The Yugo is a lemon -- or maybe a pumpkin -- but it's a fitting carriage for the stop/start, frequently stalled, roll backwards, jump forwards relationship between Nick and Norah. They've got issues, those crazy kids. They're ironic, sarcastic, cool, and dorky hipster geeks with an endless capacity to gab about matters of grave importance (on the relative merits of The Cure, for instance), and about nothing at all. They're also full of adolescent self-doubt, and they're basically decent, sweet people. Norah, whose father is a famous record producer, can get into any nightclub in the city, but she's never sure if anyone likes her for that, or for herself. (Maybe she should stop hanging around with mooching musicians.) Nick isn't over Tris, and Tris is a high maintenance, mixed-signal-sending girlfriend, even when she's an ex-girlfriend. Nick's cutie-pie bandmates act as infinitely patient matchmakers throughout the night for Nick and Norah, the obvious and oblivious soulmates. Nick and Norah's Infinite Playlist treats these emotionally charged relationships with the kind of seriousness and sympathy that they rarely get in movies, which tend to view the complex and messed up relationships of adolescence as a passing and ultimately insignificant phase (and a source of puerile humor) rather than as a permanent part of the human condition.
Ah, but the movie's not all serious.
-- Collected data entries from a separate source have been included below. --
lemma span_singleton_eq_in_plane:
  fixes p x y a :: "'F::{field,finite} ^ 'n"
  assumes y: "y \<in> vec.span {p, x}" "y \<noteq> 0"
    and a: "dotp a (p + x) = 0" "dotp a x = 1" "dotp a y = 0"
  shows "vec.span {y} = vec.span {p + x}"
proof -
  obtain k where "y - k *s p \<in> vec.span {x}" using y(1) vec.span_breakdown_eq by blast
  then obtain m where "y - k *s p = m *s x" by (auto simp: vec.span_singleton)
  then have y_eq: "y = k *s p + m *s x" by (simp add: algebra_simps)
  have "dotp a p = -1" using a(1,2) by (simp add: dotp_simps eq_neg_iff_add_eq_0)
  then have "m = k" using a(2,3) y_eq by (simp add: dotp_simps)
  then have "y = k *s (p + x)" using y_eq by (simp add: vec.scale_right_distrib)
  moreover from this have "k \<noteq> 0" using y(2) by auto
  ultimately show ?thesis using span_singleton_scale[of k "p + x"] by simp
qed

text \<open>
  With \<open>B\<close> the forms vanishing on the plane \<open>\<langle>p, x\<rangle>\<close>, the section of \<open>ker_form a\<close> is
  \<open>S \<inter> \<langle>p, x\<rangle> \<inter> ker_form a\<close>. Taking \<open>a\<close> vanishing on \<open>p\<close> it contains \<open>\<langle>p\<rangle>\<close>, so taking
  \<open>a\<close> vanishing on \<open>p + x\<close> it is nonempty, i.e. it is \<open>{\<langle>p + x\<rangle>}\<close>.
\<close>

lemma span_add_mem:
  fixes S :: "('F::{field,finite} ^ 'n) set set"
  assumes pts: "\<forall>P\<in>S. ppoint P" and subF: "vec.subspace F"
    and noF: "\<forall>P\<in>S. \<not> P \<subseteq> F"
    and sections: "\<forall>a\<in>forms_off F. card {P\<in>S. P \<subseteq> ker_form a} = K"
    and pS: "vec.span {p} \<in> S" and xF: "x \<in> F"
  shows "vec.span {p + x} \<in> S"
proof (cases "x = 0")
  case True
  then show ?thesis using pS by simp
next
  case x0: False
  have pF: "p \<notin> F" using noF pS span_singleton_subset_iff[OF subF] by auto
  have K: "card {P\<in>S. P \<subseteq> ker_form a} = K" if "dotp a x \<noteq> 0" for a
    using sections that xF by (auto simp: forms_off_def)
  define B where "B = {b. dotp b p = 0 \<and> dotp b x = 0}"
  define cut where "cut a = {P\<in>S. P \<subseteq> ker_form a \<and> (\<forall>b\<in>B. P \<subseteq> ker_form b)}" for a
  have "x \<notin> vec.span {p}"
    using not_in_span_translate[OF subF pF xF x0 vec.subspace_0[OF subF]] by simp
  then obtain a1 where a1: "\<forall>w\<in>vec.span {p}. dotp a1 w = 0" "dotp a1 x = 1"
    using exists_form_separating[OF vec.subspace_span] by blast
  have "x \<notin> vec.span {p + x}" by (rule not_in_span_translate[OF subF pF xF x0 xF])
  then obtain a2 where a2: "\<forall>w\<in>vec.span {p + x}. dotp a2 w = 0" "dotp a2 x = 1"
    using exists_form_separating[OF vec.subspace_span] by blast
  have "card (cut a1) = card (cut a2)"
    unfolding cut_def using a1(2) a2(2)
    by (intro card_section_independent[OF pts K]) (auto simp: B_def)
  moreover have "vec.span {p} \<in> cut a1"
    using pS a1(1) span_singleton_subset_ker_form vec.span_base[of p "{p}"]
    by (auto simp: cut_def B_def)
  ultimately have "cut a2 \<noteq> {}" by (auto simp: card_eq_0_iff)
  then obtain R where R: "R \<in> S" "R \<subseteq> ker_form a2" "\<forall>b\<in>B. R \<subseteq> ker_form b"
    by (auto simp: cut_def)
  have "ppoint R" using pts R(1) by blast
  then obtain y where y: "y \<noteq> 0" "R = vec.span {y}" by (rule ppointE)
  have "y \<in> vec.span {p, x}"
  proof (rule in_span_pair_if_annihilated)
    fix b assume "dotp b p = 0" "dotp b x = 0"
    then have "R \<subseteq> ker_form b" using R(3) by (simp add: B_def)
    then show "dotp b y = 0" unfolding y(2) span_singleton_subset_ker_form .
  qed
  moreover have "dotp a2 (p + x) = 0" using a2(1) vec.span_base[of "p + x" "{p + x}"] by simp
  moreover have "dotp a2 y = 0" using R(2) y(2) span_singleton_subset_ker_form by auto
  ultimately have "R = vec.span {p + x}"
    using span_singleton_eq_in_plane[of y p x a2] y a2(2) by simp
  then show ?thesis using R(1) by simp
qed

section \<open>Affine parts and cylinders\<close>

lemma mset_set_UN_disjoint:
  assumes "finite I" "\<And>i. i \<in> I \<Longrightarrow> finite (A i)" "disjoint_family_on A I"
  shows "mset_set (\<Union>i\<in>I. A i) = (\<Sum>i\<in>I. mset_set (A i))"
  using assms
proof (induction I rule: finite_induct)
  case empty
  then show ?case by simp
next
  case (insert i I)
  have "disjoint_family_on A I"
    using disjoint_family_on_mono[OF subset_insertI insert.prems(2)] .
  moreover have "A i \<inter> (\<Union>j\<in>I. A j) = {}"
    using insert.prems(2) insert.hyps(2) by (fastforce simp: disjoint_family_on_def)
  ultimately show ?case using insert by (simp add: mset_set_Union)
qed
There's fun to be had too, and the infinite playground is an enchanted, sparkling version of the city, filled with like-minded, club-hopping kids in an über-tolerant, ebony-and-ivory-and-everything-in-between, gay-straight, drunk-sober melting pot in which the secret ingredient is the shared love of music -- the more insidery and alternative, the better. The worst things that can happen to a reckless kid in the big city -- the things that keep the parents of teenagers awake all night -- never do happen, and can't possibly happen, because Nick and Norah's sugar-sprinkled neon city is a fairy tale place open only to teenagers, with their fierce hearts and fearless ability to dance on the border between carefree childhood and careworn adulthood. (Caroline descends into the yuckiest, grungiest depths of the enchanted kingdom -- the Port Authority Bus Terminal -- in a scene that is suitably and hilariously disgusting.) It's a place of infinite possibilities when viewed through the filter of an authentic (but charmed) high school sensibility. Director Peter Sollett avoids teensploitation prurience and moralizing finger-wagging, maintaining a breezy and benign aimlessness that recalls how an all-nighter can feel all-too-brief when you're young and (maybe, kinda, possibly, starting to be) in love.